====== Data to use
lemma near_point_bound:
  assumes "0 < r" "r \<le> dvis_vec x (chain_curve w t)" "dvis_vec x (chain_curve w t) \<le> 2 * r"
  shows "cmod (p + cnj (cis t) * q) \<le> 8 * r^2 * ne"
proof -
  have N: "0 < norm (chain_curve w t)" "norm (chain_curve w t) \<le> ne + 1"
    using chain_curve_nonzero[OF qneg_pos] norm_chain_curve_le[OF qneg_pos] by auto
  have "cmod (p + cnj (cis t) * q) \<le> (2 * r)^2 * norm (chain_curve w t)"
    using sqrt_ratio_bounds(2)[of r "norm (chain_curve w t)" "cmod (p + cnj (cis t) * q)" "2 * r"] assms N
    unfolding dvis_vec_def norm_x herm_x_chain_curve by simp
  also have "\<dots> \<le> (2 * r)^2 * (2 * ne)" using N ne_ge_1 by (intro mult_left_mono) auto
  finally show ?thesis by (simp add: power_mult_distrib)
qed

lemma small_radius:
  assumes "0 \<le> r" "r \<le> 1 / (7 * ne^2)"
  shows "r \<le> 1" "r * ne \<le> 1 / 7"
proof -
  have ne2: "1 \<le> ne^2" "ne \<le> ne^2"
    using ne_ge_1 mult_left_mono[OF ne_ge_1, of ne] by (simp_all add: one_le_power power2_eq_square)
  then have "0 < 7 * ne^2" by linarith
  then have "r * (7 * ne^2) \<le> 1" using assms(2) by (simp only: pos_le_divide_eq)
  then show "r \<le> 1" "r * ne \<le> 1 / 7"
    using assms(1) ne2 mult_left_mono[OF ne2(2), of r] mult_left_mono[OF ne2(1), of r] by linarith+
qed

abbreviation "annulus_params r \<delta> \<equiv>
  {t. r \<le> dvis_vec x (chain_curve w t) \<and> dvis_vec x (chain_curve w t) \<le> r + \<delta>}"

lemma annulus_params_cover:
  assumes "0 < \<delta>" "\<delta> \<le> r" "r \<le> 1 / (7 * ne^2)"
  shows "\<exists>c a b. a \<le> b \<and> b - a \<le> 200 * ne^2 * sqrt \<delta> \<and>
    (\<forall>t \<in> annulus_params r \<delta>. \<exists>n\<in>\<int>. t - 2 * n * pi \<in> {c + a..c + b} \<union> {c - b..c - a})"
proof (cases "annulus_params r \<delta> = {}")
  case True
  show ?thesis unfolding True using assms(1) by (intro exI[of _ 0]) simp
next
  case False
  then obtain t0 where t0: "t0 \<in> annulus_params r \<delta>" by blast
  have r: "0 < r" "r \<le> 1" "r * ne \<le> 1 / 7" using assms small_radius[of r] by auto
  have "cmod (p + cnj (cis t0) * q) \<le> 8 * r^2 * ne"
    using t0 assms(2) r(1) by (intro near_point_bound) auto
  then have Z: "1 / (36 * ne^2) \<le> cmod (band_Z r)"
    using band_Z_lower_bound[OF _ r(2,3) coeff_product_lower_bound[OF _ r(3)]] r(1) by simp
  have "0 < ne" using ne_ge_1 by linarith
  then have "0 < 1 / (36 * ne^2)" by simp
  then have "band_Z r \<noteq> 0" using Z by auto
  moreover have "0 \<le> ((r + \<delta>)^4 - r^4) * (ne + 1)^2" using assms(1) r(1) by (simp add: power_mono)
  ultimately obtain \<alpha> \<beta> where "\<alpha> \<le> \<beta>"
    and width: "\<beta> - \<alpha> \<le> 6 * sqrt (((r + \<delta>)^4 - r^4) * (ne + 1)^2 / (2 * cmod (band_Z r)))"
    and cover: "\<forall>t. 0 \<le> band_A r + 2 * Re (band_Z r * cis t) \<and>
      band_A r + 2 * Re (band_Z r * cis t) \<le> ((r + \<delta>)^4 - r^4) * (ne + 1)^2 \<longrightarrow>
      (\<exists>n\<in>\<int>. t + Arg (band_Z r) - 2 * n * pi \<in> {\<alpha>..\<beta>} \<union> {-\<beta>..-\<alpha>})"
    by (blast dest: trig_band_cover[where A = "band_A r"])
  have "\<exists>n\<in>\<int>. t - 2 * n * pi \<in> {- Arg (band_Z r) + \<alpha>..- Arg (band_Z r) + \<beta>}
      \<union> {- Arg (band_Z r) - \<beta>..- Arg (band_Z r) - \<alpha>}" if "t \<in> annulus_params r \<delta>" for t
  proof -
    from that have "r \<le> dvis_vec x (chain_curve w t)" "dvis_vec x (chain_curve w t) \<le> r + \<delta>"
      by auto
    from annulus_band[OF r(1) this]
    have "0 \<le> band_A r + 2 * Re (band_Z r * cis t) \<and>
      band_A r + 2 * Re (band_Z r * cis t) \<le> ((r + \<delta>)^4 - r^4) * (ne + 1)^2" ..
    then obtain n where "n \<in> \<int>" "t + Arg (band_Z r) - 2 * n * pi \<in> {\<alpha>..\<beta>} \<union> {-\<beta>..-\<alpha>}"
      using cover by blast
    then show ?thesis by (intro bexI[of _ n]) auto
  qed
  moreover have "\<beta> - \<alpha> \<le> 200 * ne^2 * sqrt \<delta>"
    using width band_width_le[OF ne_ge_1 assms(1,2) r(2) Z] by linarith
  ultimately show ?thesis using \<open>\<alpha> \<le> \<beta>\<close>
    by (intro exI[of _ "- Arg (band_Z r)"] exI[of _ \<alpha>] exI[of _ \<beta>]) blast
qed

lemma hausdorff_annulus_le:
  assumes "0 < \<delta>" "\<delta> \<le> r" "r \<le> 1 / (7 * ne^2)"
    and A: "A \<subseteq> (\<lambda>t. line (chain_curve w t)) ` annulus_params r \<delta>"
  shows "hausdorff_meas dvis 2 A \<le> ennreal (800 * ne^4 * sqrt \<delta>)"
proof -
  define \<gamma> where "\<gamma> t = line (chain_curve w t)" for t
  have holder: "(dvis (\<gamma> s) (\<gamma> t))^2 \<le> ne^2 * \<bar>s - t\<bar>" for s t
    unfolding \<gamma>_def dvis_line[OF chain_curve_nonzero[OF qneg_pos] chain_curve_nonzero[OF qneg_pos]]
    by (rule chain_curve_holder[OF qneg_pos])
  obtain c a b where ab: "a \<le> b" "b - a \<le> 200 * ne^2 * sqrt \<delta>"
    and cover: "\<And>t. t \<in> annulus_params r \<delta> \<Longrightarrow> \<exists>n\<in>\<int>. t - 2 * n * pi \<in> {c + a..c + b} \<union> {c - b..c - a}"
    using annulus_params_cover[OF assms(1-3)] by blast
  have "A \<subseteq> \<gamma> ` {c + a..c + b} \<union> \<gamma> ` {c - b..c - a}"
  proof
    fix P assume "P \<in> A"
    then obtain t where t: "t \<in> annulus_params r \<delta>" "P = \<gamma> t" using A unfolding \<gamma>_def by blast
    then obtain n where "n \<in> \<int>" "t - 2 * n * pi \<in> {c + a..c + b} \<union> {c - b..c - a}" using cover by blast
    moreover have "\<gamma> (t - 2 * n * pi) = P"
      using chain_curve_periodic[OF qneg_pos \<open>n \<in> \<int>\<close>] t(2) unfolding \<gamma>_def by simp
    ultimately show "P \<in> \<gamma> ` {c + a..c + b} \<union> \<gamma> ` {c - b..c - a}" by (metis UnE UnI1 UnI2 image_eqI)
  qed
  then have "hausdorff_meas dvis 2 A \<le> ennreal (2 * ne^2 * ((c + b - (c + a)) + (c - a - (c - b))))"
    using ab by (intro hausdorff_meas_holder_curve_le[where d = dvis and \<gamma> = \<gamma>, OF holder]) auto
  moreover have "2 * ne^2 * ((c + b - (c + a)) + (c - a - (c - b))) \<le> 800 * ne^4 * sqrt \<delta>"
  proof -
    have "2 * ne^2 * ((c + b - (c + a)) + (c - a - (c - b))) = (4 * ne^2) * (b - a)" by simp
    also have "\<dots> \<le> (4 * ne^2) * (200 * ne^2 * sqrt \<delta>)" using ab by (intro mult_left_mono) auto
    also have "\<dots> = 800 * ne^4 * sqrt \<delta>" by (simp add: power2_eq_square power4_eq_xxxx)
    finally show ?thesis .
  qed
  ultimately show ?thesis by (blast intro: order_trans ennreal_leI)
qed

end

section \<open>The metric d_E and compact families of chains\<close>

text \<open>d_E is the chordal distance of the rank-one projections u u^*/|u|^2 in the
  Hilbert-Schmidt norm, scaled by 1/sqrt 2; this makes the metric axioms evident.\<close>

definition proj_matrix :: "cvec \<Rightarrow> complex^3^3" where
  "proj_matrix a = (\<chi> i j. a$i * cnj (a$j))"

lemma norm_proj_matrix_diff_sq:
  "(norm (proj_matrix a - proj_matrix b))^2 = (norm a)^4 + (norm b)^4 - 2 * (cmod (herm_std a b))^2"
proof -
  have sq: "(norm (M::complex^3^3))^2 = (norm (M$0))^2 + (norm (M$1))^2 + (norm (M$2))^2" for M
    by (simp add: norm_vec_def L2_set_def sum_UNIV_3)
  have "complex_of_real ((norm (proj_matrix a - proj_matrix b))^2)
      = (herm_std a a)^2 + (herm_std b b)^2 - 2 * (herm_std a b * cnj (herm_std a b))"
    unfolding sq norm_cvec_sq of_real_add complex_norm_square
    by (simp add: proj_matrix_def herm_std_def algebra_simps power2_eq_square)
  also have "\<dots> = complex_of_real ((norm a)^4 + (norm b)^4 - 2 * (cmod (herm_std a b))^2)"
    unfolding herm_std_self by (simp add: complex_norm_square del: of_real_power flip: of_real_power)
  finally show ?thesis using of_real_eq_iff by blast
qed

lemma proj_matrix_eq_imp_parallel:
  assumes "proj_matrix a = proj_matrix b" "norm b = 1"
  shows "b = cnj (herm_std a b) *s a"
proof -
  have bb: "b$0 * cnj (b$0) + b$1 * cnj (b$1) + b$2 * cnj (b$2) = 1"
    using herm_std_self[of b] assms(2) unfolding herm_std_def by simp
  have e: "a$i * cnj (a$j) = b$i * cnj (b$j)" for i j
    using arg_cong[OF assms(1), of "\<lambda>M. M$i$j"] unfolding proj_matrix_def by simp
  have "b$i = cnj (herm_std a b) * a$i" for i
  proof -
    have "b$i = b$i * (b$0 * cnj (b$0) + b$1 * cnj (b$1) + b$2 * cnj (b$2))" using bb by simp
    also have "\<dots> = (b$i * cnj (b$0)) * b$0 + (b$i * cnj (b$1)) * b$1 + (b$i * cnj (b$2)) * b$2"
      by (simp add: algebra_simps)
    also have "\<dots> = cnj (herm_std a b) * a$i"
      unfolding e[symmetric] herm_std_def by (simp add: algebra_simps)
    finally show ?thesis .
  qed
  then show ?thesis unfolding vec_eq_iff by simp
qed

lemma herm_std_unit_rep:
  assumes "P \<in> ProjPlane" "Q \<in> ProjPlane"
  shows "cmod (herm_std (unit_rep P) (unit_rep Q)) = cmod (herm_std (rep P) (rep Q)) / (norm (rep P) * norm (rep Q))"
  using rep_nonzero[OF assms(1)] rep_nonzero[OF assms(2)]
  by (simp add: unit_rep_def herm_std_sesquilinear norm_mult del: of_real_divide)

lemma dE_nonneg: "0 \<le> dE P Q"
  unfolding dE_def wedge_norm_def
  using power_mono[OF norm_herm_std_le[of "rep P" "rep Q"]] by (simp add: power_mult_distrib)

lemma dE_eq_proj_matrix:
  assumes "P \<in> ProjPlane" "Q \<in> ProjPlane"
  shows "dE P Q = norm (proj_matrix (unit_rep P) - proj_matrix (unit_rep Q)) / sqrt 2"
proof -
  define u v where "u = rep P" and "v = rep Q"
  have uv: "0 < norm u" "0 < norm v" using rep_nonzero assms unfolding u_def v_def by auto
  define t where "t = cmod (herm_std u v) / (norm u * norm v)"
  have cs: "(cmod (herm_std u v))^2 \<le> (norm u)^2 * (norm v)^2"
    using power_mono[OF norm_herm_std_le[of u v]] by (simp add: power_mult_distrib)
  have "(dE P Q)^2 = ((norm u)^2 * (norm v)^2 - (cmod (herm_std u v))^2) / (norm u * norm v)^2"
    using cs by (simp add: dE_def wedge_norm_def u_def v_def power_divide)
  also have "\<dots> = 1 - t^2" unfolding t_def using uv by (simp add: field_simps power2_eq_square)
  also have "\<dots> = (norm (proj_matrix (unit_rep P) - proj_matrix (unit_rep Q)) / sqrt 2)^2"
    unfolding power_divide norm_proj_matrix_diff_sq herm_std_unit_rep[OF assms] norm_unit_rep[OF assms(1)]
      norm_unit_rep[OF assms(2)]
    by (simp add: t_def u_def v_def power_divide)
  finally have "(dE P Q)^2 = (norm (proj_matrix (unit_rep P) - proj_matrix (unit_rep Q)) / sqrt 2)^2" .
  then show ?thesis using dE_nonneg by (simp add: power2_eq_iff_nonneg)
qed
============
● Problem to work on: Whichever lines of the data include the word "intro", pull them out.

● Result of the task:
  also have "\<dots> \<le> (2 * r)^2 * (2 * ne)" using N ne_ge_1 by (intro mult_left_mono) auto
  show ?thesis unfolding True using assms(1) by (intro exI[of _ 0]) simp
    using t0 assms(2) r(1) by (intro near_point_bound) auto
    then show ?thesis by (intro bexI[of _ n]) auto
    by (intro exI[of _ "- Arg (band_Z r)"] exI[of _ \<alpha>] exI[of _ \<beta>]) blast
    using ab by (intro hausdorff_meas_holder_curve_le[where d = dvis and \<gamma> = \<gamma>, OF holder]) auto
    also have "\<dots> \<le> (4 * ne^2) * (200 * ne^2 * sqrt \<delta>)" using ab by (intro mult_left_mono) auto
  ultimately show ?thesis by (blast intro: order_trans ennreal_leI)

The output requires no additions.